Ciência
22/03/2023 às 04:00•3 min de leitura
Victor Noir não era um santo, tampouco algum tipo de místico cujos feitos em vida tinham alguma associação com sensualidade ou sexualidade. E ele também estava bem longe de ser um garanhão ou sex symbol de seu tempo.
Noir era apenas um homem comum, um jornalista do século XIX que acabou pagando o preço por ter uma opinião muito forte e ousada em um dos períodos mais repressores da França: quando as políticas de Napoleão III eram vigentes.
Mas o que fez o túmulo de Victor Noir ser abusado ao longo dos anos?
Victor Noir. (Fonte: Wikipedia/Reprodução)
Nascido em 29 de julho de 1848, em Paris, na França, Noir se tornou um jornalista e ficou conhecido por fazer um trabalho franco e contencioso, que falava diretamente e de maneira crua sobre política, corrupção e abuso de poder — tudo o que definia o governo repressivo e injusto de Napoleão III.
Geralmente, o jornalista criticava a classe dominante e abria diálogos provocativos que, para o governo, incitava a revolta que já ardia na mente do povo.
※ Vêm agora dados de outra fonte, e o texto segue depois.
lemma Pclass_uniform_boundsE:
  fixes p :: "'n::finite \<Rightarrow> complex \<Rightarrow> complex"
  assumes "A0 h" and "\<forall>i. Pclass h (p i)"
  obtains M H K e where "e > 0"
    and "\<And>s. s \<in> RHP \<Longrightarrow> cmod (h s) \<le> M"
    and "\<And>s. s \<in> RHP \<Longrightarrow> cmod (h s / s) \<le> H"
    and "\<And>i s. s \<in> RHP \<Longrightarrow> cmod (p i s) \<le> K"
    and "\<And>i s. s \<in> RHP \<Longrightarrow> e \<le> Re (h s * (1 + p i s / s))"
proof -
  have "Hinf h" using assms(1) by (simp add: A0_def)
  obtain M where "\<And>s. s \<in> RHP \<Longrightarrow> cmod (h s) \<le> M"
    using Hinf_boundE[OF \<open>Hinf h\<close>] by blast
  moreover obtain H where "\<And>s. s \<in> RHP \<Longrightarrow> cmod (h s / s) \<le> H"
    using Pclass_div_boundE[OF \<open>Hinf h\<close>, of "p undefined"] assms(2) by blast
  moreover obtain K where "\<And>i s. s \<in> RHP \<Longrightarrow> cmod (p i s) \<le> K"
    using Pclass_family_boundE[OF assms(2)] by blast
  moreover have "\<forall>i. \<exists>e>0. \<forall>s\<in>RHP. e \<le> Re (h s * (1 + p i s / s))"
    using assms(2) ESPR_Re_bounded_below unfolding Pclass_def by blast
  then obtain ef where ef_pos: "\<And>i. ef i > 0"
    and ef: "\<And>i s. s \<in> RHP \<Longrightarrow> ef i \<le> Re (h s * (1 + p i s / s))"
    by metis
  have "Min (range ef) > 0" using ef_pos by (subst Min_gr_iff) auto
  moreover have "Min (range ef) \<le> Re (h s * (1 + p i s / s))" if "s \<in> RHP" for i s
    by (rule order_trans[OF Min_le ef[OF that]]) auto
  ultimately show thesis using that by blast
qed

section \<open>The a priori estimate\<close>

lemma feedback_energy_identity:
  fixes x a b :: "complex^'n" and q :: "'n \<Rightarrow> complex"
  assumes "s \<noteq> 0"
  defines "y \<equiv> \<chi> i. q i * x$i" and "d \<equiv> x - b" and "z \<equiv> s *s (x - b)"
  shows "(\<Sum>i\<in>UNIV. g * (1 + q i / s) * (cnj (x$i) * x$i)) =
      g * cinner x b + g * cinner b d + g/s * cinner b y + g/s * cinner d a
      + g * (cinner z z - cinner z (a - y)) / (s * cnj s)" (is "_ = ?rhs")
proof -
  have "g * (1 + q i / s) * (cnj (x$i) * x$i) =
      g * (cnj (x$i) * b$i) + g * (cnj (b$i) * d$i) + g/s * (cnj (b$i) * y$i)
      + g/s * (cnj (d$i) * a$i) + g * (cnj (z$i) * z$i - cnj (z$i) * (a - y)$i) / (s * cnj s)" for i
    using assms(1) by (simp add: y_def d_def z_def field_simps)
  then have "(\<Sum>i\<in>UNIV. g * (1 + q i / s) * (cnj (x$i) * x$i)) =
      (\<Sum>i\<in>UNIV. g * (cnj (x$i) * b$i) + g * (cnj (b$i) * d$i) + g/s * (cnj (b$i) * y$i)
      + g/s * (cnj (d$i) * a$i) + g * (cnj (z$i) * z$i - cnj (z$i) * (a - y)$i) / (s * cnj s))"
    by (intro sum.cong) simp_all
  also have "\<dots> = ?rhs"
    by (simp add: cinner_def sum.distrib sum_distrib_left sum_divide_distrib sum_subtractf
        right_diff_distrib diff_divide_distrib)
  finally show ?thesis .
qed

lemma weighted_norm_sq_le:
  fixes x :: "complex^'n"
  assumes "\<And>i. e \<le> Re (c i)"
  shows "e * (norm x)^2 \<le> Re (\<Sum>i\<in>UNIV. c i * (cnj (x$i) * x$i))"
proof -
  have "cnj (x$i) * x$i = complex_of_real ((cmod (x$i))^2)" for i
    by (metis complex_norm_square mult.commute)
  then have "Re (c i * (cnj (x$i) * x$i)) = Re (c i) * (cmod (x$i))^2" for i
    by simp
  then have "Re (\<Sum>i\<in>UNIV. c i * (cnj (x$i) * x$i)) = (\<Sum>i\<in>UNIV. Re (c i) * (cmod (x$i))^2)"
    by (simp only: Re_sum)
  moreover have "e * (norm x)^2 = (\<Sum>i\<in>UNIV. e * (cmod (x$i))^2)"
    by (simp add: norm_vec_def L2_set_def sum_nonneg sum_distrib_left)
  moreover have "(\<Sum>i\<in>UNIV. e * (cmod (x$i))^2) \<le> (\<Sum>i\<in>UNIV. Re (c i) * (cmod (x$i))^2)"
    by (intro sum_mono mult_right_mono assms) simp
  ultimately show ?thesis by simp
qed

lemma Re_mult_real_nonpos_div_le_0:
  assumes "0 \<le> Re g" and "Im Q = 0" and "Re Q \<le> 0"
  shows "Re (g * Q / (s * cnj s)) \<le> 0"
proof -
  have "Q = complex_of_real (Re Q)" using assms(2) by (simp add: complex_eq_iff)
  moreover have "s * cnj s = complex_of_real ((cmod s)^2)" by (simp add: complex_norm_square[symmetric])
  ultimately have "g * Q / (s * cnj s) = complex_of_real (Re Q / (cmod s)^2) * g"
    by (metis mult.commute of_real_divide times_divide_eq_right)
  then show ?thesis
    using assms by (simp add: divide_nonpos_nonneg mult_nonpos_nonneg)
qed

lemma Re_mult_le:
  assumes "cmod z \<le> A" and "cmod w \<le> B"
  shows "Re (z * w) \<le> A * B"
proof -
  have "Re (z * w) \<le> cmod z * cmod w" by (metis complex_Re_le_cmod norm_mult)
  also have "\<dots> \<le> A * B" using assms by (intro mult_mono) (auto intro: order_trans[OF norm_ge_zero])
  finally show ?thesis .
qed

lemma le_linear_if_sq_le:
  fixes X T C e :: real
  assumes "e > 0" "C \<ge> 0" "X \<ge> 0" "T \<ge> 0" and "e * X^2 \<le> C * (X + T) * T"
  shows "X \<le> (1 + 2*C/e) * T"
proof (cases "X \<le> T")
  case True
  moreover have "0 \<le> 2*C/e * T" using assms by simp
  ultimately show ?thesis by (simp add: algebra_simps)
next
  case False
  then have "C * (X + T) * T \<le> C * (2*X) * T"
    using assms by (intro mult_right_mono mult_left_mono) auto
  with assms(5) have "e * X * X \<le> 2*C*T * X" by (simp add: algebra_simps power2_eq_square)
  then have "e * X \<le> 2*C*T" using False assms(4) by simp
  then have "X \<le> 2*C*T/e" using assms(1) by (simp add: field_simps)
  also have "\<dots> \<le> (1 + 2*C/e) * T" using assms by (simp add: field_simps)
  finally show ?thesis .
qed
Apesar do perigo que isso oferecia, Noir não parou de utilizar suas palavras em nenhum momento, nem mesmo diante das ameaças.
Até que em 1870, o caldo entornou depois que Noir escreveu um artigo de cunho mais pessoal, denunciando o caso tórrido de amor entre um amigo próximo e a esposa de um político poderoso, aliado a Napoleão III. Esse momento foi um divisor de águas na vida do jornalista.
Napoleão III. (Fonte: Versailles/Reprodução)
Não é para menos que, diante da repercussão do ensaio, o jornalista foi convocado para um desafio de luta – uma prática comum para resolver os impasses entre o poderio masculino da época. Em 10 de janeiro daquele ano, Noir e o político se encontraram para um duelo, do qual o jornalista saiu com um ferimento de bala mortal, morrendo ainda no local do embate.
Sua morte causou indignação e comoção pelo mundo, colocando Noir como símbolo de resistência contra o governo e reinado tirânico de Napoleão III. Victor Noir foi enterrado em uma vila no interior da França antes de ser transferido para o Cemitério Père Lachaise, em Paris, que se tornou um local popular de peregrinação para os visitantes.
Nos anos seguintes, o jornalista já havia se tornado uma espécie de mártir contra a opressão e injustiça. No final do século XIX, seu mausoléu se tornou ponto de encontro de rebeldes, onde reuniões de células revolucionárias eram feitas.
(Fonte: Litera/Reprodução)
Aqui é a parte em que os legados de Noir se confundem. Hoje, o túmulo do jornalista se tornou popular não por representar uma voz em meio aos oprimidos no século XIX, mas porque muitas pessoas se esfregam em sua estátua na crença de que o túmulo pode realizar desejos de fertilidade.
A escultura de bronze foi criada por Jules Dalou, um renomado artista francês, quando o cadáver do jornalista foi transportado para o Cemitério Père Lachaise, em 1891, após a fundação da Terceira República Francesa. Não se sabe ao certo quando Noir se tornou um símbolo de fertilidade e satisfação sexual, apenas que isso se deve por Dalou ter optado por dar à estátua uma protuberância significativa em suas calças.
Os anos foram aumentando a lenda de que se uma mulher beijar a estátua de Noir na boca, se esfregar na protuberância em sua virilha e colocar uma flor ao seu lado, terá mais fertilidade e uma vida sexual maravilhosa. Se quiser engravidar, no entanto, é necessário tocar apenas o pé direito da estátua; e se o desejo é ter gêmeos, tocar no pé esquerdo. O mito ainda diz que tudo pode se realizar em até um ano.
(Fonte: Segredos de Paris/Reprodução)
E o desgaste nos lábios, nos sapatos e na virilha da estátua mostram que existem pessoas que levam essa ideia muito a sério. Devido a esse assédio, uma cerca foi erguida em 2004 com o aviso: “Qualquer dano causado por grafite ou fricção inapropriada resultará em penalidades”. Isso apenas serviu para enfurecer as mulheres, que demoliram a cerca.
O local também se tornou uma espécie de santuário, visto que as mulheres que alcançaram seus desejos voltam ao cemitério para expressar sua gratidão, colocando fotos de seus filhos e outros objetos ao redor do túmulo.